## Excerpted records:
• • • • • • •

lemma tendsto_0_if_decay_rates_not_summable:
  fixes V d :: "nat \<Rightarrow> real"
  assumes "\<And>n. 0 \<le> V n" and "\<And>n. V (Suc n) \<le> (1 - d n) * V n"
    and "\<And>n. 0 \<le> d n" and "\<not> summable d"
  shows "V \<longlonglongrightarrow> 0"
proof (rule tendsto_sandwich[OF _ _ tendsto_const])
  show "\<forall>\<^sub>F n in sequentially. 0 \<le> V n" using assms(1) by simp
  show "\<forall>\<^sub>F n in sequentially. V n \<le> exp (- (\<Sum>i<n. d i)) * V 0"
    using decay_le_exp_neg_sum[of V d, OF assms(1,2)] by simp
  show "(\<lambda>n. exp (- (\<Sum>i<n. d i)) * V 0) \<longlonglongrightarrow> 0"
    by (rule tendsto_mult_left_zero[OF exp_neg_partial_sums_tendsto_0[OF assms(3,4)]])
qed

lemma antimono_tendsto_0_at_top:
  fixes V :: "real \<Rightarrow> real" and t :: "nat \<Rightarrow> real"
  assumes antimono: "\<And>r s. 0 \<le> r \<Longrightarrow> r \<le> s \<Longrightarrow> V s \<le> V r"
    and nonneg: "\<And>s. 0 \<le> s \<Longrightarrow> 0 \<le> V s"
    and "\<And>n. 0 \<le> t n" and lim: "(\<lambda>n. V (t n)) \<longlonglongrightarrow> 0"
  shows "(V \<longlongrightarrow> 0) at_top"
  unfolding tendsto_iff eventually_at_top_linorder
proof (intro allI impI)
  fix e :: real assume "0 < e"
  then have "\<exists>N. \<forall>n\<ge>N. \<bar>V (t n)\<bar> < e"
    using lim by (simp add: tendsto_iff eventually_sequentially dist_real_def)
  then obtain n where "\<forall>m\<ge>n. \<bar>V (t m)\<bar> < e" by blast
  then have "V (t n) < e" by auto
  then have "dist (V s) 0 < e" if "t n \<le> s" for s
    using that antimono[of "t n" s] nonneg[of s] \<open>0 \<le> t n\<close> by auto
  then show "\<exists>N. \<forall>s\<ge>N. dist (V s) 0 < e" by blast
qed

theorem corollary1:
  fixes Q :: "real \<Rightarrow> real^'n^'n" and x :: "real \<Rightarrow> real^'n"
  assumes "\<And>t. t \<ge> 0 \<Longrightarrow> Q t \<in> Qbar"
    and "\<And>b. b \<ge> 0 \<Longrightarrow> riemann_integrable_on Q 0 b"
    and "sufficiently_exciting Q"
    and "is_solution Q x"
  shows "(x \<longlongrightarrow> 0) at_top"
proof -
  interpret Qbar_solution Q x using assms(1,4) by unfold_locales
  obtain \<epsilon> T :: "nat \<Rightarrow> real" where
    \<epsilon>T: "\<And>i. 0 < \<epsilon> i \<and> 0 < T i \<and> \<epsilon> i \<le> sigma_min (integral {(\<Sum>j<i. T j)..(\<Sum>j<i. T j) + T i} Q)"
    and not_summable: "\<not> summable (\<lambda>i. delta_fn (\<epsilon> i) (T i))"
    using assms(3) unfolding sufficiently_exciting_def by blast
  have delta_nonneg: "0 \<le> delta_fn (\<epsilon> i) (T i)" for i
    using \<epsilon>T[of i] by (simp add: delta_fn_def)
  define t where "t i = (\<Sum>j<i. T j)" for i
  have t_nonneg: "0 \<le> t i" for i unfolding t_def using \<epsilon>T by (intro sum_nonneg) (auto intro: less_imp_le)
  have decay: "(norm (x (t (Suc i))))\<^sup>2 \<le> (1 - delta_fn (\<epsilon> i) (T i)) * (norm (x (t i)))\<^sup>2" for i
    using window_decay[OF t_nonneg _ _ integrable_on_if_riemann_integrable[OF assms(2) t_nonneg]] \<epsilon>T[of i]
    by (simp add: t_def)
  have "(\<lambda>n. (norm (x (t n)))\<^sup>2) \<longlonglongrightarrow> 0"
    by (rule tendsto_0_if_decay_rates_not_summable[OF _ decay delta_nonneg not_summable]) simp
  then have "((\<lambda>s. (norm (x s))\<^sup>2) \<longlongrightarrow> 0) at_top"
    using norm_antimono by (intro antimono_tendsto_0_at_top[OF _ _ t_nonneg]) simp_all
  then have "((\<lambda>s. norm (x s)) \<longlongrightarrow> 0) at_top" using tendsto_real_sqrt by fastforce
  then show ?thesis by (rule tendsto_norm_zero_cancel)
qed

end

• • • • • • •

## Task directions:
Please give back exactly the lines of the listing above that run from the one containing "unfolding tendsto_iff eventually_at_top_linorder" through the one containing "using \<epsilon>T[of i]", and only those.

## Response to this task:
  unfolding tendsto_iff eventually_at_top_linorder
proof (intro allI impI)
  fix e :: real assume "0 < e"
  then have "\<exists>N. \<forall>n\<ge>N. \<bar>V (t n)\<bar> < e"
    using lim by (simp add: tendsto_iff eventually_sequentially dist_real_def)
  then obtain n where "\<forall>m\<ge>n. \<bar>V (t m)\<bar> < e" by blast
  then have "V (t n) < e" by auto
  then have "dist (V s) 0 < e" if "t n \<le> s" for s
    using that antimono[of "t n" s] nonneg[of s] \<open>0 \<le> t n\<close> by auto
  then show "\<exists>N. \<forall>s\<ge>N. dist (V s) 0 < e" by blast
qed

theorem corollary1:
  fixes Q :: "real \<Rightarrow> real^'n^'n" and x :: "real \<Rightarrow> real^'n"
  assumes "\<And>t. t \<ge> 0 \<Longrightarrow> Q t \<in> Qbar"
    and "\<And>b. b \<ge> 0 \<Longrightarrow> riemann_integrable_on Q 0 b"
    and "sufficiently_exciting Q"
    and "is_solution Q x"
  shows "(x \<longlongrightarrow> 0) at_top"
proof -
  interpret Qbar_solution Q x using assms(1,4) by unfold_locales
  obtain \<epsilon> T :: "nat \<Rightarrow> real" where
    \<epsilon>T: "\<And>i. 0 < \<epsilon> i \<and> 0 < T i \<and> \<epsilon> i \<le> sigma_min (integral {(\<Sum>j<i. T j)..(\<Sum>j<i. T j) + T i} Q)"
    and not_summable: "\<not> summable (\<lambda>i. delta_fn (\<epsilon> i) (T i))"
    using assms(3) unfolding sufficiently_exciting_def by blast
  have delta_nonneg: "0 \<le> delta_fn (\<epsilon> i) (T i)" for i
    using \<epsilon>T[of i] by (simp add: delta_fn_def)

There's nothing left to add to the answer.